W Shape Market RecoveryThe “W”

Most people who are preparing for retirement remember the crash of 2008 vividly. The Lehman Brother’s went under and the economy fell in hot pursuit. Hindsight being 20/20, we can see the market crash of ’08 as a representation of a “W” recovery pattern. In the late stages of ’07, there was a relatively small and quickly resolved market depression followed by the major fall halfway through 2008. The minor correction combined with the major event form a “W” pattern.
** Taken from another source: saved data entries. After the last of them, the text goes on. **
lemma DI_channel_diag_dist_ge:
  assumes Q: "quantum_channel n m \<Theta>" and \<Phi>: "\<Phi> \<in> DI_channels n m" and N: "0 < N" "N \<le> n" "N \<le> m"
    and f: "\<And>a k. a < N \<Longrightarrow> k < N \<Longrightarrow> (cmod (f a k))\<^sup>2 = 1 / real N"
    and out: "\<And>k i. k < N \<Longrightarrow> i < m \<Longrightarrow>
      \<Theta> (proj (zero_ext_vec n N (\<lambda>a. f a k))) $$ (i, i) = (if i = k then 1 else 0)"
  shows "\<exists>k<N. 2 * (real N - 1) / real N \<le>
    diag_dist m (\<Theta> (proj (zero_ext_vec n N (\<lambda>a. f a k)))) (\<Phi> (proj (zero_ext_vec n N (\<lambda>a. f a k))))"
proof -
  define \<psi> where "\<psi> k = zero_ext_vec n N (\<lambda>a. f a k)" for k
  define q where "q i = Re (\<Phi> (proj (\<psi> 0)) $$ (i, i))" for i
  have \<Phi>Q: "quantum_channel n m \<Phi>" by (rule DI_channels_quantum_channel[OF \<Phi>])
  have \<psi>: "\<psi> k \<in> unit_vecs_c n" if "k < N" for k
    unfolding \<psi>_def using N f that by (intro zero_ext_vec_unit) auto
  have same: "\<Phi> (proj (\<psi> k)) $$ (i, i) = \<Phi> (proj (\<psi> 0)) $$ (i, i)" if "k < N" "i < m" for k i
    using that N f unfolding \<psi>_def
    by (intro DI_channel_diag_eq[OF \<Phi>]) (simp_all add: dephase_proj_zero_ext_vec)
  have "0 \<le> q i" if "i < m" for i
    unfolding q_def using quantum_channel_proj_diag(2)[OF \<Phi>Q \<psi> that] N by simp
  moreover have "(\<Sum>i<m. q i) = 1"
    unfolding q_def using quantum_channel_proj_diag_sum[OF \<Phi>Q \<psi>] N by simp
  ultimately obtain k where k: "k < N" "q k \<le> 1 / real N"
    using exists_le_inverse_of_sum_eq_1[OF N(1) N(3)] by blast
  have "2 * (real N - 1) / real N = 2 - 2 * (1 / real N)" using N by (simp add: field_simps)
  also have "\<dots> \<le> 2 - 2 * q k" using k(2) by linarith
  also have "\<dots> = 2 - 2 * Re (\<Phi> (proj (\<psi> k)) $$ (k, k))"
    unfolding q_def using same[OF k(1), of k] k N by simp
  also have "\<dots> \<le> diag_dist m (\<Theta> (proj (\<psi> k))) (\<Phi> (proj (\<psi> k)))"
  proof (rule diag_dist_basis_ge)
    show "\<Theta> (proj (\<psi> k)) $$ (i, i) = (if i = k then 1 else 0)" if "i < m" for i
      unfolding \<psi>_def using out k(1) that .
    show "(\<Sum>i<m. Re (\<Phi> (proj (\<psi> k)) $$ (i, i))) = 1"
      using quantum_channel_proj_diag_sum[OF \<Phi>Q \<psi>[OF k(1)]] .
  qed (use k N in simp)
  finally show ?thesis using k(1) unfolding \<psi>_def by blast
qed

lemma M_tilde_diamond_lower_bound:
  assumes Q: "quantum_channel n m \<Theta>" and N: "0 < N" "N \<le> n" "N \<le> m"
    and f: "\<And>a k. a < N \<Longrightarrow> k < N \<Longrightarrow> (cmod (f a k))\<^sup>2 = 1 / real N"
    and out: "\<And>k i. k < N \<Longrightarrow> i < m \<Longrightarrow>
      \<Theta> (proj (zero_ext_vec n N (\<lambda>a. f a k))) $$ (i, i) = (if i = k then 1 else 0)"
  shows "2 * (real N - 1) / real N \<le> M_tilde_diamond n m \<Theta>"
proof (rule M_tilde_diamond_geI[OF Q])
  show "DI_channels n m \<noteq> {}" using completely_depolarizing_DI[of m n] N by auto
  fix \<Phi> assume "\<Phi> \<in> DI_channels n m"
  then obtain k where k: "k < N" and ge: "2 * (real N - 1) / real N \<le>
      diag_dist m (\<Theta> (proj (zero_ext_vec n N (\<lambda>a. f a k)))) (\<Phi> (proj (zero_ext_vec n N (\<lambda>a. f a k))))"
    using DI_channel_diag_dist_ge[OF Q _ N f out] by blast
  have "zero_ext_vec n N (\<lambda>a. f a k) \<in> unit_vecs_c n"
    using N f k by (intro zero_ext_vec_unit) auto
  then show "\<exists>\<psi>\<in>unit_vecs_c n. 2 * (real N - 1) / real N \<le> diag_dist m (\<Theta> (proj \<psi>)) (\<Phi> (proj \<psi>))"
    using ge by blast
qed

theorem proposition10:
  fixes n m :: nat
  assumes "n \<ge> 1" and "m \<ge> 1"
  defines "N0 \<equiv> min n m"
  shows "(\<forall>\<Theta>. quantum_channel n m \<Theta> \<longrightarrow>
            M_tilde_diamond n m \<Theta> \<le> 2 * (real N0 - 1) / real N0)
       \<and> quantum_channel n m (fourier_channel n m)
       \<and> M_tilde_diamond n m (fourier_channel n m) = 2 * (real N0 - 1) / real N0
       \<and> quantum_channel n m (fourier_measurement n m)
       \<and> M_tilde_diamond n m (fourier_measurement n m) = 2 * (real N0 - 1) / real N0"
proof -
  have N0: "0 < N0" "N0 \<le> n" "N0 \<le> m" unfolding N0_def using assms by auto
  have upper: "M_tilde_diamond n m \<Theta> \<le> 2 * (real N0 - 1) / real N0" if "quantum_channel n m \<Theta>" for \<Theta>
    unfolding N0_def using M_tilde_diamond_upper_bound[OF assms(1,2) that] .
  have channel: "quantum_channel n m (fourier_channel n m)"
    using fourier_channel_quantum_channel[OF assms(1,2)] .
  have measurement: "quantum_channel n m (fourier_measurement n m)"
    using fourier_measurement_quantum_channel[OF assms(1,2)] .
  have "2 * (real N0 - 1) / real N0 \<le> M_tilde_diamond n m (fourier_channel n m)"
    using M_tilde_diamond_lower_bound[OF channel N0, of "\<lambda>a k. cnj (fourier_mat N0 $$ (a, k))"]
      cmod_fourier_mat[OF N0(1)] fourier_channel_diag[OF assms(1,2)] unfolding N0_def by simp
  then have channel_value: "M_tilde_diamond n m (fourier_channel n m) = 2 * (real N0 - 1) / real N0"
    using upper[OF channel] by (rule order_antisym[rotated])
  have "2 * (real N0 - 1) / real N0 \<le> M_tilde_diamond n m (fourier_measurement n m)"
    using M_tilde_diamond_lower_bound[OF measurement N0, of "\<lambda>a k. fourier_mat N0 $$ (a, k)"]
      cmod_fourier_mat[OF N0(1)] fourier_measurement_diag[OF assms(1,2)] unfolding N0_def by simp
  then have measurement_value: "M_tilde_diamond n m (fourier_measurement n m) = 2 * (real N0 - 1) / real N0"
    using upper[OF measurement] by (rule order_antisym[rotated])
  show ?thesis using upper channel channel_value measurement measurement_value by blast
qed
So, what does this tell us?

Having knowledge about the ABC’s (or rather UVW’s) of market recovery is only helpful if we can apply it. Unfortunately, we can’t see a pattern until after it has appeared and it has joined the rest of the recoveries as part of our history. That being said, we can look at the behavioral patterns of people and how the COVID-19 pandemic varies or resembles patterns seen before/during previous market disruptions. Experts would agree that the market behavior would best point toward a “V” or “W”, but only time will tell. The rational for the “V” is that once we are allowed to mingle in public again, people will return to stadiums and restaurants, causing a quick surge of money flowing in and out of the economy. Specialists fear a “W” recovery if governments re-open the economy too soon. The news has mentioned the idea of a ‘second wave’ of Coronavirus stemming from healthy individuals returning to ‘normal’ and interacting with asymptomatic people. This would cause a second impact of new patients in hospitals, and see governments re-think their strategy, having potential economic consequences.

If we self-isolate and flatten the curve, a “U” shape could emerge. This would be caused by a slow and strategic introduction of economic stimuli. It could be even more pronounced if people were to be skeptical at first. Imagine the governments fully opening markets trying to create a “V” response. People are still fearful and decide to continue the limitations on their interactions. This means there is a slow and steady increase to economic activity rather than an ‘opening the floodgates’ response.

All that being said, we can’t predict what the market will do. People have been trying to time the markets for decades. And some have made careers out of it. It will be interesting to see how this plays out. I imagine that whichever way it pans out, this will become a unique lesson for us all to learn from.